On its end, the Pentagon admitted that it only had around $1 billion left for military aid to Kyiv and would have to ration it from now on.
The Defense Department has urged Congress to overcome an impasse and approve the White House’s request for a $106-billion aid bundle, which encapsulates funds for Ukraine, Israel, and Taiwan.
Washington has spent around 95 percent of previous funding for Ukraine, the Pentagon’s deputy spokeswoman Sabrina Singh revealed, adding that this amount exceeded $60 billion. Only about $1 billion out of that sum remained unspent, Singh said. The remaining money will be used to dispatch military equipment from existing stocks to Ukraine and replenish it with new orders.
“We have had to meter out our support for Ukraine,” Singh told reporters, adding that, while the Pentagon will continue sending military aid packages, these packages are “getting smaller.”
Out of Biden’s $106-billion request to congress, $61.4 billion was meant as emergency funding for Ukraine.
Last week, the Republican-majority House of Representatives tried to separate aid for Ukraine and Israel by passing a $14 billion standalone package for West Jerusalem. On November 7, Democrats in the U.S. Senate blocked the House bill, demanding that Republicans agree to the full package tabled by the Biden administration.

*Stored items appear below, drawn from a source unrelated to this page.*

(* Let $C$ be a strict globularily generated double category. Then the transversal category $\tau C$ of $C$ is the colimit (in $\mathbf{Cat}$) of the increasing chain of horizontal categories $H^C_1\subseteq H^C_2\subseteq\cdots$; i.e. $\tau C=\bigcup_n H^C_n$.
   Context: For a strict double category $C$: $C_0$ is the category of objects and vertical morphisms, $C_1$ the category of horizontal morphisms and 2-morphisms (composition = vertical composition), $i$ the horizontal identity, $\ast$ the strictly associative and unital horizontal composition. A 2-morphism is globular if its source and target are identity vertical morphisms. $C$ is globularily generated if the smallest sub-double category of $C$ containing all objects, vertical and horizontal morphisms and all globular 2-morphisms is $C$ itself. The transversal category $\tau C$ has as objects the vertical morphisms of $C$ and as morphisms the 2-morphisms of $C$ (a 2-morphism $\Phi$ goes from $s\Phi$ to $t\Phi$), with composition given by horizontal composition. Let $H^C_1$ consist of the globular 2-morphisms and horizontal identities $i_\alpha$ of vertical morphisms $\alpha$; $V^C_1$ is the subcategory of $C_1$ generated by $H^C_1$ (under vertical composition). For $n>1$, $H^C_n$ is the collection of all horizontal composites of finite composable sequences of morphisms of $V^C_{n-1}$, and $V^C_n$ is the subcategory of $C_1$ generated by $H^C_n$. For strict $C$, each $H^C_n$ is the set of morphisms of a subcategory of $\tau C$ containing all objects (the $n$-th horizontal category), and $H^C_n\subseteq H^C_{n+1}$. *)

theory Defs
  imports Main
begin

text \<open>
A strict double category, presented as an internal category in Cat by its data.
Conventions: all compositions are written in diagrammatic order.
\<^item> C_0: objects Obj, vertical morphisms Ver with vdom, vcod, vid, vcomp
  (vcomp a b defined when vcod a = vdom b).
\<^item> C_1: objects = horizontal morphisms Hor, morphisms = 2-morphisms Sq with
  cdom, ccod (horizontal boundaries), identities cid, composition cvcomp
  (= vertical composition of 2-morphisms, defined when ccod P = cdom Q).
\<^item> source/target functors s,t : C_1 -> C_0: hdom/hcod on Hor, src/tgt on Sq.
\<^item> horizontal identity i : C_0 -> C_1: hid on objects, chid on vertical morphisms.
\<^item> horizontal composition *: hcomp on Hor (defined when hcod f = hdom g),
  chcomp on Sq (defined when tgt P = src Q).
\<close>

record ('o, 'v, 'h, 'c) dbl =
  Obj :: "'o set"
  Ver :: "'v set"
  vdom :: "'v \<Rightarrow> 'o"
  vcod :: "'v \<Rightarrow> 'o"
  vid :: "'o \<Rightarrow> 'v"
  vcomp :: "'v \<Rightarrow> 'v \<Rightarrow> 'v"
  Hor :: "'h set"
  hdom :: "'h \<Rightarrow> 'o"
  hcod :: "'h \<Rightarrow> 'o"
  hid :: "'o \<Rightarrow> 'h"
  hcomp :: "'h \<Rightarrow> 'h \<Rightarrow> 'h"
  Sq :: "'c set"
  cdom :: "'c \<Rightarrow> 'h"
  ccod :: "'c \<Rightarrow> 'h"
  src :: "'c \<Rightarrow> 'v"
  tgt :: "'c \<Rightarrow> 'v"
  cid :: "'h \<Rightarrow> 'c"
  cvcomp :: "'c \<Rightarrow> 'c \<Rightarrow> 'c"
  chid :: "'v \<Rightarrow> 'c"
  chcomp :: "'c \<Rightarrow> 'c \<Rightarrow> 'c"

Last week, the U.S. State Department stated that the U.S. has spent some $44.2 billion on military assistance to Kyiv since the conflict broke out in February 2022, adding that an additional $3 billion had also been spent on it between 2014 and 2022.
On November 8, the U.S. Agency for International Development (USAID) testified to the Senate that funding for economic and humanitarian assistance to Ukraine had run out as well. USAID Assistant Administrator Erin McKee divulged that Ukraine’s economic stability would be at risk unless the funding continued.
With a possible deadlock over Ukraine aid between Republicans and Democrats, and with the warmongers among the American and European elite continuing to fan the flames of tension between Moscow and Kyiv, Russo-Ukrainian peace will not likely be achieved anytime soon, with bullets and bombs doing most of the talking instead.